During the period, the Supreme Court ordered MWSS and its two concessionaires, Manila Water Company, Inc. and Maynilad Water Services, Inc. to jointly and severally pay more than ₱921 million in fines for non-compliance with the Clean Water Act. Manila Water Company affirmed that it will exercise all its legal options in relation to this case, including the filing of a Motion for Reconsideration which it timely submitted to the Supreme Court on October 2, 2019. As concessionaire of MWSS for the East Zone, Manila Water has invested nearly ₱40 billion in capital expenditures for the past 21 years and will continue to invest over ₱38 billion more until 2022. These investments are part of the government-approved service improvement plan to further expand sewerage and sanitation services in the East Zone. To date, sewer coverage is more than 15 percent of Manila Water’s water-served population and 22 percent in terms of facility acceptance/capacity, a 700 percent increase from only 3 percent when it took over in 1997.
For domestic operations under Manila Water Philippine Ventures, the strong contribution of businesses resulted to a total net income level of ₱301 million, an increase of 126 percent from the previous year. This growth was led by key subsidiaries Estate Water, Boracay Water and Laguna Water. Estate Water more than doubled its revenues for the period, primarily driven by the growth in supervision fees for new projects, coupled with higher billed volume from the takeover of new estates. As a result, Estate Water more than tripled its net income to reach ₱246 million as of the third quarter of 2019. For Boracay Water, billed volume grew by 14 percent for the period due to the higher number of tourist arrivals with the reopening of the island. As a result, net income posted significant growth of 137 percent to ₱73 million. Laguna Water saw revenues grow by 21 percent from last year due to improved average tariff. As costs and expenses were effectively managed, Laguna Water net income increased 85 percent to ₱290 million for the period. For Clark Water, billed volume only grew slightly from last year, increasing by 2% mainly supported by the consumption of existing accounts. Clark Water’s capital expenditure and expansion activities are confined to repairs and maintenance activities as it awaits the regulatory decision on its Rate Rebasing adjustment. With this slowdown, Clark Water’s net income stood at ₱40 million for the period, a decline of 37% from last year.
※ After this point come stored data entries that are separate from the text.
(* Assume the setting of the context and fix $\Delta=(h,\Delta x)$. Let $(c^{(\iota)}_{i,j})$, $\iota\in\mathbb{N}$, and $\mathbf{V}^{(\iota)}=(\mathbf{V}^{(\iota)}_1,\mathbf{V}^{(\iota)}_2)\in B(\mathcal{A}^{\Delta x})^2$ be a sequence generated by the policy iteration: starting from an initial policy $c^{(0)}_{i,j}\in\mathcal{C}^\Delta_j(x_i)$, for each $\iota\ge0$, (i) (policy evaluation) $\mathbf{V}^{(\iota)}$ solves, for all $i\in\mathbb{N}$, $j=1,2$, $$V^{(\iota)}_{i,j}=hu(c^{(\iota)}_{i,j})+(1-\rho h)\Big[\lambda_jhV^{(\iota)}_{i,\bar\jmath}+(1-\lambda_jh)\sum_k\beta_k\big(x_i+hs_{i,j}(c^{(\iota)}_{i,j})\big)V^{(\iota)}_{k,j}\Big];$$ (ii) (policy update) $c^{(\iota+1)}_{i,j}\in\arg\max_{c\in\mathcal{C}^\Delta_j(x_i)}\Big\{hu(c)+(1-\rho h)(1-\lambda_jh)\sum_k\beta_k(x_i+hs_{i,j}(c))V^{(\iota)}_{k,j}\Big\}$. Then $\mathbf{V}^{(\iota)}\le\mathbf{V}^{(\iota+1)}$ componentwise for all $\iota\in\mathbb{N}$. Moreover $\lim_{\iota\to\infty}\mathbf{V}^{(\iota)}=\mathbf{V}$, where $\mathbf{V}\in B(\mathcal{A}^{\Delta x})^2$ is the unique solution of the scheme, i.e. $\mathcal{F}^\Delta_j(x_i,(V_{i,j},V_{i,\bar\jmath}),V_{\cdot,j})=0$ for all $i\in\mathbb{N}$, $j=1,2$.
   Context: Constants: $\rho>0$, $r<\rho$, $0<y_1<y_2$, $\gamma>1$, $\underline{x}\le0$ with $\rho\underline{x}+y_j>0$, $\lambda_1,\lambda_2\ge0$; $\bar\jmath=3-j$; $u(c)=\frac{c^{1-\gamma}}{1-\gamma}$ for $c>0$, $u(0)=-\infty$. Discretization $\Delta=(h,\Delta x)$, $h,\Delta x>0$, $\rho h<1$, $\lambda_jh<1$. Grid $x_i=\underline{x}+i\Delta x$, $i\in\mathbb{N}=\{0,1,\dots\}$, $\mathcal{A}^{\Delta x}=\{x_i\}$; $B(\mathcal{A}^{\Delta x})$ = bounded real sequences indexed by $\mathbb{N}$. $\beta_k(x)=\max\{0,1-|x-x_k|/\Delta x\}$ for $x\ge\underline{x}$. $\mathcal{C}^\Delta_j(x_i)=\{c\ge0:x_i+h(rx_i+y_j-c)\ge\underline{x}\}$, $s_{i,j}(c)=rx_i+y_j-c$. Scheme: $$\mathcal{F}^\Delta_j(x_i,(\mathsf{q}_j,\mathsf{q}_{\bar\jmath}),\mathsf{U})=\rho\mathsf{q}_j-(1-\rho h)\lambda_j(\mathsf{q}_{\bar\jmath}-\mathsf{q}_j)-\sup_{c\in\mathcal{C}^\Delta_j(x_i)}\Big\{u(c)+\frac{(1-\rho h)(1-\lambda_jh)}{h}\Big(\sum_k\beta_k(x_i+hs_{i,j}(c))\mathsf{U}_k-\mathsf{q}_j\Big)\Big\}.$$ *)

theory Defs
  imports "HOL-Analysis.Analysis"
begin

definition util :: "real \<Rightarrow> real \<Rightarrow> ereal" where
  "util \<gamma> c = (if c > 0 then ereal (c powr (1 - \<gamma>) / (1 - \<gamma>)) else -\<infinity>)"

definition grid :: "real \<Rightarrow> real \<Rightarrow> nat \<Rightarrow> real" where
  "grid xl dx i = xl + real i * dx"

definition hatfn :: "real \<Rightarrow> real \<Rightarrow> nat \<Rightarrow> real \<Rightarrow> real" where
  "hatfn xl dx k x = max 0 (1 - \<bar>x - grid xl dx k\<bar> / dx)"

definition interp :: "real \<Rightarrow> real \<Rightarrow> (nat \<Rightarrow> real) \<Rightarrow> real \<Rightarrow> real" where
  "interp xl dx U x = (\<Sum>k. hatfn xl dx k x * U k)"

definition drift :: "real \<Rightarrow> real \<Rightarrow> real \<Rightarrow> real \<Rightarrow> nat \<Rightarrow> real \<Rightarrow> real" where
  "drift r yj xl dx i c = r * grid xl dx i + yj - c"

definition adm :: "real \<Rightarrow> real \<Rightarrow> real \<Rightarrow> real \<Rightarrow> real \<Rightarrow> nat \<Rightarrow> real set" where
  "adm r yj h xl dx i = {c. c \<ge> 0 \<and> grid xl dx i + h * drift r yj xl dx i c \<ge> xl}"

definition schemeF ::
  "real \<Rightarrow> real \<Rightarrow> real \<Rightarrow> real \<Rightarrow> real \<Rightarrow> real \<Rightarrow> real \<Rightarrow> real \<Rightarrow>
   nat \<Rightarrow> real \<Rightarrow> real \<Rightarrow> (nat \<Rightarrow> real) \<Rightarrow> ereal" where
  "schemeF \<rho> r \<gamma> yj lj h xl dx i q qbar U =
     ereal (\<rho> * q - (1 - \<rho> * h) * lj * (qbar - q))
     - (SUP c \<in> adm r yj h xl dx i.
          util \<gamma> c + ereal ((1 - \<rho> * h) * (1 - lj * h) / h
             * (interp xl dx U (grid xl dx i + h * drift r yj xl dx i c) - q)))"

end

theory Submission
  imports Defs
begin

text \<open>
  For fixed \<open>\<Delta>\<close> the scheme is the Bellman equation \<open>W = sup\<^sub>c L\<^sub>c W\<close> of a discounted
  control problem on the states \<open>(i, j)\<close> with discount \<open>\<theta> = 1 - \<rho>h\<close>: every one-step operator
  \<open>L\<^sub>c\<close> is monotone and satisfies \<open>L\<^sub>c (U + d) \<le> L\<^sub>c U + \<theta> d\<close>, since both the interpolation
  weights and the regime-switching weights form convex combinations.  This single property gives a
  comparison principle (iterate the shift bound and let \<open>\<theta>\<^sup>n \<rightarrow> 0\<close>), which yields monotonicity of
  the policy values, a uniform upper bound for them, and uniqueness of bounded solutions.  The
  increasing limit \<open>W\<close> is a subsolution by monotonicity of \<open>L\<^sub>c\<close>; comparing \<open>W\<close> with the
  iterates gives the geometric rate \<open>W - V\<^sup>\<iota> \<le> \<theta>\<^sup>\<iota> M\<close>, which makes \<open>W\<close> a supersolution and the
  convergence uniform.
\<close>

lemma nonpos_if_le_geometric:
  fixes \<theta> x d :: real
  assumes "0 \<le> \<theta>" "\<theta> < 1" "\<And>n. x \<le> \<theta> ^ n * d"
  shows "x \<le> 0"
proof (rule LIMSEQ_le_const)
  show "(\<lambda>n. \<theta> ^ n * d) \<longlonglongrightarrow> 0"
    using assms(1,2) by (intro tendsto_mult_left_zero LIMSEQ_power_zero) auto
qed (use assms(3) in auto)

lemma bounded_image_gap:
  fixes X Y :: "'a \<Rightarrow> real"
  assumes "bounded (Y ` S)" "bounded (X ` S)"
  obtains d where "\<And>t. t \<in> S \<Longrightarrow> Y t \<le> X t + d"
proof -
  obtain a b where "\<forall>t\<in>S. \<bar>Y t\<bar> \<le> a" "\<forall>t\<in>S. \<bar>X t\<bar> \<le> b"
    using assms unfolding bounded_real by auto
  then have "Y t \<le> X t + (a + b)" if "t \<in> S" for t
    using that abs_le_D1[of "Y t" a] abs_le_D2[of "X t" b] by fastforce
  then show thesis by (rule that)
qed

locale discounted_control =
  fixes S :: "'s set" and Adm :: "'s \<Rightarrow> 'c set"
    and L :: "'s \<Rightarrow> 'c \<Rightarrow> ('s \<Rightarrow> real) \<Rightarrow> real" and \<theta> :: real
  assumes discount_nonneg: "0 \<le> \<theta>" and discount_less_1: "\<theta> < 1"
    and L_shift: "\<lbrakk>s \<in> S; c \<in> Adm s; \<And>t. t \<in> S \<Longrightarrow> U t \<le> U' t + d\<rbrakk>
      \<Longrightarrow> L s c U \<le> L s c U' + \<theta> * d"
begin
International operations under Manila Water Asia Pacific increased 8 percent in equity share in net income of associates to ₱552 million for the period, largely due to the contribution of East Water in Thailand. Cost and expenses decreased by 37 percent for the period to ₱90 million, on the back of lower personnel and management and professional costs. Subsidiary operations in Vietnam posted lower income contribution for the period due to higher regulatory and operating costs, even as billed volume remained relatively stable.